Task description:
Transcribe exactly everything in the data below from the line containing "text \<open>Binary letters" down to the line containing "(\<lambda>j. s (j", both lines included and nothing further.

● ● ●

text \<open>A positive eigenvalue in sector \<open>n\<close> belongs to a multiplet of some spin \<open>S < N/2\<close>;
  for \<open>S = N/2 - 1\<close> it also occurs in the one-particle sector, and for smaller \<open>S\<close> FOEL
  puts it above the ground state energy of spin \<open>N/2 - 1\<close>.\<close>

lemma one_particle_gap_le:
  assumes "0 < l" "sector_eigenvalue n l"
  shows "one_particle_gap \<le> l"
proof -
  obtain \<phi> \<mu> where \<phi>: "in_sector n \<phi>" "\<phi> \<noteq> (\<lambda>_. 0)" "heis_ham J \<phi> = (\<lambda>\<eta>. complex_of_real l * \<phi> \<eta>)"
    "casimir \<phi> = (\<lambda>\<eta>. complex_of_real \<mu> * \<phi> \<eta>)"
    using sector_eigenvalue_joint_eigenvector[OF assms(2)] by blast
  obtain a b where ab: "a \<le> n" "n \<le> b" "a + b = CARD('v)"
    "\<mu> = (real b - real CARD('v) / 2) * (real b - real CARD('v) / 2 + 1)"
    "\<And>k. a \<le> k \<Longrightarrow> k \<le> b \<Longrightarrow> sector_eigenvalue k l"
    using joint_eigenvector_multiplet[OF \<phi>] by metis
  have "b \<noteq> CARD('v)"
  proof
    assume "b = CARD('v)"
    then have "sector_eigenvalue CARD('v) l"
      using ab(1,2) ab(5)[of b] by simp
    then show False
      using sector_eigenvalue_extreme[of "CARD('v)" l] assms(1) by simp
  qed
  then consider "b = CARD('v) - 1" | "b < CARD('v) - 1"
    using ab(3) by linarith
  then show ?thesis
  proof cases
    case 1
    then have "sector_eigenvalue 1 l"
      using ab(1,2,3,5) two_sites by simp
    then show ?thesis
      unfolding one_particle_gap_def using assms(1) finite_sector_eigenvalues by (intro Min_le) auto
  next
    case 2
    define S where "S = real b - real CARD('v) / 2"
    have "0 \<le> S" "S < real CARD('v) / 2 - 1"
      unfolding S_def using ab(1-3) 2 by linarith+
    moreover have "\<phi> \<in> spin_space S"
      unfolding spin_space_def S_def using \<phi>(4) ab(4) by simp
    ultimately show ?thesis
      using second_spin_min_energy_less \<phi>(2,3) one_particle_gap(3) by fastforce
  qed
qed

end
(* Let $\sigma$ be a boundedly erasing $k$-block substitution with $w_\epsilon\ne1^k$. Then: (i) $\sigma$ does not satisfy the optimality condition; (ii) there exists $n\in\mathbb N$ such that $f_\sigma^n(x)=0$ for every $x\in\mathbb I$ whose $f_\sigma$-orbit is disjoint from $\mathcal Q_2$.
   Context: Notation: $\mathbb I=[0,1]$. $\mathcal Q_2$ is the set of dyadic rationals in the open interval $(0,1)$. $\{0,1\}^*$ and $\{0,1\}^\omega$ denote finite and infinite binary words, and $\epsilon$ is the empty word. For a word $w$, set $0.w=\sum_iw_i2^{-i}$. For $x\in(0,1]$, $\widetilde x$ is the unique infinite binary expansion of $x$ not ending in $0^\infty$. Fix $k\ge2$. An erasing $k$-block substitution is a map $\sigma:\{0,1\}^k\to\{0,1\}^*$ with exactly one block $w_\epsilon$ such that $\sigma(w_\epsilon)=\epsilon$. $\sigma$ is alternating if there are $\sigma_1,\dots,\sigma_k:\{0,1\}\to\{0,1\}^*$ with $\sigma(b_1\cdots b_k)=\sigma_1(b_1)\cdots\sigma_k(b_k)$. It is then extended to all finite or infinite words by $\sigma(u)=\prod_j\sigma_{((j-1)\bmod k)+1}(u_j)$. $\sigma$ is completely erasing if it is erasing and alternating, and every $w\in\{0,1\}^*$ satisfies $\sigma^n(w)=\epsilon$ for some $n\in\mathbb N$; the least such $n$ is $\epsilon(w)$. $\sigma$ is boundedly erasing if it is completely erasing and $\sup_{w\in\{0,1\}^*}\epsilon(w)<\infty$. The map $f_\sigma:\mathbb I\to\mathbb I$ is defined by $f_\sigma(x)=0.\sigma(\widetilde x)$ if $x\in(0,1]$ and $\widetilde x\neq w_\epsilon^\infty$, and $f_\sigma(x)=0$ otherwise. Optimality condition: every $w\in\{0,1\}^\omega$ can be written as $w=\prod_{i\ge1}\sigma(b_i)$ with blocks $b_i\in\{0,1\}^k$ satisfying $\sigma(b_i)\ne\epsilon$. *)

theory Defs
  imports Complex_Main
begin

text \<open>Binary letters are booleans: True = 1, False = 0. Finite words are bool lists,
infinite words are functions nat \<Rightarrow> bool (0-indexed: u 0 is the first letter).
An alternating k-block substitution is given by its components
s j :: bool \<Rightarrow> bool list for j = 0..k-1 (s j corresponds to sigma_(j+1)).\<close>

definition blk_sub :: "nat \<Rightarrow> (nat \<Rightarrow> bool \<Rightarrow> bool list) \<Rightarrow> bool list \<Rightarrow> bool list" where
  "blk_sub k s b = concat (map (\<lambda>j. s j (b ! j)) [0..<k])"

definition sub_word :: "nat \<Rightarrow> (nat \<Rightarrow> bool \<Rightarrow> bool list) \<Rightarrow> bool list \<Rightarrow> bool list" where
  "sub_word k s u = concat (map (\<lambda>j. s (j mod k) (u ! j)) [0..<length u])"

● ● ●

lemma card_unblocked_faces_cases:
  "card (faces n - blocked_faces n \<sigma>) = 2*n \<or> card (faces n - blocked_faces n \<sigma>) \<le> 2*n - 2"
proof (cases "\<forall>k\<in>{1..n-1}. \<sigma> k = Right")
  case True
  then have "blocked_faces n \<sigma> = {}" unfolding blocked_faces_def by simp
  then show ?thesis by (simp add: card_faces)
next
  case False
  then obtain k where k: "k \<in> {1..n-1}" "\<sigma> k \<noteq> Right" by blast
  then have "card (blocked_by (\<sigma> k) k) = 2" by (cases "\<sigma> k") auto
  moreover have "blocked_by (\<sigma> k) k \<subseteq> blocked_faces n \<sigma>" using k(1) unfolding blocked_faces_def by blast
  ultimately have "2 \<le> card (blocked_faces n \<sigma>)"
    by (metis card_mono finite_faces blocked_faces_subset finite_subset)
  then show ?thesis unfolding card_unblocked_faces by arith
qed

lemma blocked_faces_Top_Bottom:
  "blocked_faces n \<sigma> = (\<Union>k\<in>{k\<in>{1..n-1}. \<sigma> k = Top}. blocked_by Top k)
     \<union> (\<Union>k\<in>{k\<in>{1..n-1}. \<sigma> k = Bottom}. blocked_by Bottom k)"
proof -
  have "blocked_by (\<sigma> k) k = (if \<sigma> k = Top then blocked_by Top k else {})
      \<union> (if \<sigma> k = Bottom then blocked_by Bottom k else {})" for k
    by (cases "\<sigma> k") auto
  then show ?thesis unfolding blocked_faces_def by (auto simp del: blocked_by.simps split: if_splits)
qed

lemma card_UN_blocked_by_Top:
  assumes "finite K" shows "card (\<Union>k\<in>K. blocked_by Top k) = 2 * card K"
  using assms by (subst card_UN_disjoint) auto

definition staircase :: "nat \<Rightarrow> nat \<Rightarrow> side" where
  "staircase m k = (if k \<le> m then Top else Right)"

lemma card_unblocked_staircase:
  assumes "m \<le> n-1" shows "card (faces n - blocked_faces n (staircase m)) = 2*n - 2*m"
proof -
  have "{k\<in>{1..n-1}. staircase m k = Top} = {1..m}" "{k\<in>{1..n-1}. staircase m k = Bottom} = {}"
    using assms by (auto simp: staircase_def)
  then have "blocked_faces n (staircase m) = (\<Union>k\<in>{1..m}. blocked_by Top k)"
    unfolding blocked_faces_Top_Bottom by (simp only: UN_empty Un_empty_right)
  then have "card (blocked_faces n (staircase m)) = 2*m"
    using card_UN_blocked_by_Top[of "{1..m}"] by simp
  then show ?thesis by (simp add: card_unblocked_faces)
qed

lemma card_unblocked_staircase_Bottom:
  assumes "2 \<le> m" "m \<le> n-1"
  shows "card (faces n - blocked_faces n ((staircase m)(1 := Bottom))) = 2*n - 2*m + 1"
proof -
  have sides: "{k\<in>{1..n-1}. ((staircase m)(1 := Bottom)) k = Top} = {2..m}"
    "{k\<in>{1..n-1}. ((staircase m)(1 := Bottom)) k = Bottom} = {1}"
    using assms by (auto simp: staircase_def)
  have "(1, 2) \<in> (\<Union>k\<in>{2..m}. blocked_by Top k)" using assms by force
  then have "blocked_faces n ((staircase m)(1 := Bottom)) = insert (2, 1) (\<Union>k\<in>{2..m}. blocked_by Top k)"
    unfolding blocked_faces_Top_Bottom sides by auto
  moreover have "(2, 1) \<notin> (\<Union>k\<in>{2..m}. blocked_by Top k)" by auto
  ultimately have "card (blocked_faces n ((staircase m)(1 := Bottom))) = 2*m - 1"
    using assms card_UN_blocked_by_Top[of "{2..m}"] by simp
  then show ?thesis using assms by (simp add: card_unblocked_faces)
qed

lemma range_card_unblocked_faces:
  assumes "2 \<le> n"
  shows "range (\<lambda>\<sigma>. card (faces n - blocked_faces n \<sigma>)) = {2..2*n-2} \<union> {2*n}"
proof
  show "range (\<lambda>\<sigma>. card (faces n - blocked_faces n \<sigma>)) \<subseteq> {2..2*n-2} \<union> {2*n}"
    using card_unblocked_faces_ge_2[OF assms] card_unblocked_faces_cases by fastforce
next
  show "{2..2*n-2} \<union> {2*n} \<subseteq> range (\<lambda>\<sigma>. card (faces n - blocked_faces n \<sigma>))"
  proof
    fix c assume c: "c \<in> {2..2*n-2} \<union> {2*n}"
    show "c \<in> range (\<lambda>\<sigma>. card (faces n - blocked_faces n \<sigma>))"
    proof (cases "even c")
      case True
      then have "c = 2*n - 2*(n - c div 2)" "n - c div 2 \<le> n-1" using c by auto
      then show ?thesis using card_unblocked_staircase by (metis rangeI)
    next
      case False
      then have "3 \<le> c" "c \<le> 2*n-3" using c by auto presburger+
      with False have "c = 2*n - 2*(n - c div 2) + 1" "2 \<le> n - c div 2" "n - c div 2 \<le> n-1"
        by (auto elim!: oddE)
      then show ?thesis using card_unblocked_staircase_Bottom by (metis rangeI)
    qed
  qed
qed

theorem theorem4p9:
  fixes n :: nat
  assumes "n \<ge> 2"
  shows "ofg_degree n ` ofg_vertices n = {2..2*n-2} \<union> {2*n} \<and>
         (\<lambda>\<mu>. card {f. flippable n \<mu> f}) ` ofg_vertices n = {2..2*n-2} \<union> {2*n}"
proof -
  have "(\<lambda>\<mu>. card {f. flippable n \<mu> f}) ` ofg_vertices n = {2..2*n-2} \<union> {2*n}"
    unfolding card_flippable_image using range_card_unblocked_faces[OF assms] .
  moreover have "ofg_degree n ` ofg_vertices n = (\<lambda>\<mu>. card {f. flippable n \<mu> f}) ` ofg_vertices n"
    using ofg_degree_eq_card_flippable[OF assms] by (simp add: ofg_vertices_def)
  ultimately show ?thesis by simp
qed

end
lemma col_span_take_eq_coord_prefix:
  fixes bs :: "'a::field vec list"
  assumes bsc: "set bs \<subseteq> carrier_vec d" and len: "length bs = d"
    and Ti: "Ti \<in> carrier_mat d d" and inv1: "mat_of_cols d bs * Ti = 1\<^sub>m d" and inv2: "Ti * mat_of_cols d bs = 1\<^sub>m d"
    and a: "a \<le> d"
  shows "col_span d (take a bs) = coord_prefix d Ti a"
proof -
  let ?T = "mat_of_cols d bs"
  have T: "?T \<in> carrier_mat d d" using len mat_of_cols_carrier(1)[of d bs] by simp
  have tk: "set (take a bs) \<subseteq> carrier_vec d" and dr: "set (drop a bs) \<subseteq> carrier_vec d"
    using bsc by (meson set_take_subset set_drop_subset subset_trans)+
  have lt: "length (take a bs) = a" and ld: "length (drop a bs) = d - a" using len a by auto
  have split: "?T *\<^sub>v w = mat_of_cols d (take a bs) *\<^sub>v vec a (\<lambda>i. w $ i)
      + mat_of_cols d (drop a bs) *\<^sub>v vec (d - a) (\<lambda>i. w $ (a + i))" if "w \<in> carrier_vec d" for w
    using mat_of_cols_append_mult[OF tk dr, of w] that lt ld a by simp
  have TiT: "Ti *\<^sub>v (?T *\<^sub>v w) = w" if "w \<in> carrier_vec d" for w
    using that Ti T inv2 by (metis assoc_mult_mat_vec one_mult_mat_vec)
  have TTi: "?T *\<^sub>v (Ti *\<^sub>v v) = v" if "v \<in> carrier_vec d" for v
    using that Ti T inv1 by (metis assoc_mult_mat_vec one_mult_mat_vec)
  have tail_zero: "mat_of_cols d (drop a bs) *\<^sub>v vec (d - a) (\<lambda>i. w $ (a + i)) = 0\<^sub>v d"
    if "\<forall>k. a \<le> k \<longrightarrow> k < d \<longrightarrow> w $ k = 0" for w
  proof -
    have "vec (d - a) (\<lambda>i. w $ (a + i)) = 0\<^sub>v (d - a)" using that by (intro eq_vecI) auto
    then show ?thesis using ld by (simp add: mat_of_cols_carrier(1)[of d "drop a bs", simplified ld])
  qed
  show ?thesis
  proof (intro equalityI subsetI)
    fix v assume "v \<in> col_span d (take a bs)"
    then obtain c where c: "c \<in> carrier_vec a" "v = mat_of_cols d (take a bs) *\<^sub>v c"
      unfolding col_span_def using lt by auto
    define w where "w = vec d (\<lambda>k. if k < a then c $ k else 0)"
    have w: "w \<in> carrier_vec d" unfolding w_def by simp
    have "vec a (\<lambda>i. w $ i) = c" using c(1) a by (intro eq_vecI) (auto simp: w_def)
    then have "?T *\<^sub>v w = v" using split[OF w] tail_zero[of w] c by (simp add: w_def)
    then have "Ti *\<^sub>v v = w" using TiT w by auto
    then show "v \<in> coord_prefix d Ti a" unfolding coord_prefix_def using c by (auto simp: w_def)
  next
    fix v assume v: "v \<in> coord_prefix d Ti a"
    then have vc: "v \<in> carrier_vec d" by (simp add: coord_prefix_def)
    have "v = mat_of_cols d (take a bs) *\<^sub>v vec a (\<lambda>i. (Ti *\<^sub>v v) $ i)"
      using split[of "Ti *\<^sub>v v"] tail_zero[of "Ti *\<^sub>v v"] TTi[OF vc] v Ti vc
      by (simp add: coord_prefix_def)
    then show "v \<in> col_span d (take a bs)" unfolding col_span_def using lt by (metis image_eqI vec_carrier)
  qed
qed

● ● ●

Result of this task:
text \<open>Binary letters are booleans: True = 1, False = 0. Finite words are bool lists,
infinite words are functions nat \<Rightarrow> bool (0-indexed: u 0 is the first letter).
An alternating k-block substitution is given by its components
s j :: bool \<Rightarrow> bool list for j = 0..k-1 (s j corresponds to sigma_(j+1)).\<close>

definition blk_sub :: "nat \<Rightarrow> (nat \<Rightarrow> bool \<Rightarrow> bool list) \<Rightarrow> bool list \<Rightarrow> bool list" where
  "blk_sub k s b = concat (map (\<lambda>j. s j (b ! j)) [0..<k])"

definition sub_word :: "nat \<Rightarrow> (nat \<Rightarrow> bool \<Rightarrow> bool list) \<Rightarrow> bool list \<Rightarrow> bool list" where
  "sub_word k s u = concat (map (\<lambda>j. s (j mod k) (u ! j)) [0..<length u])"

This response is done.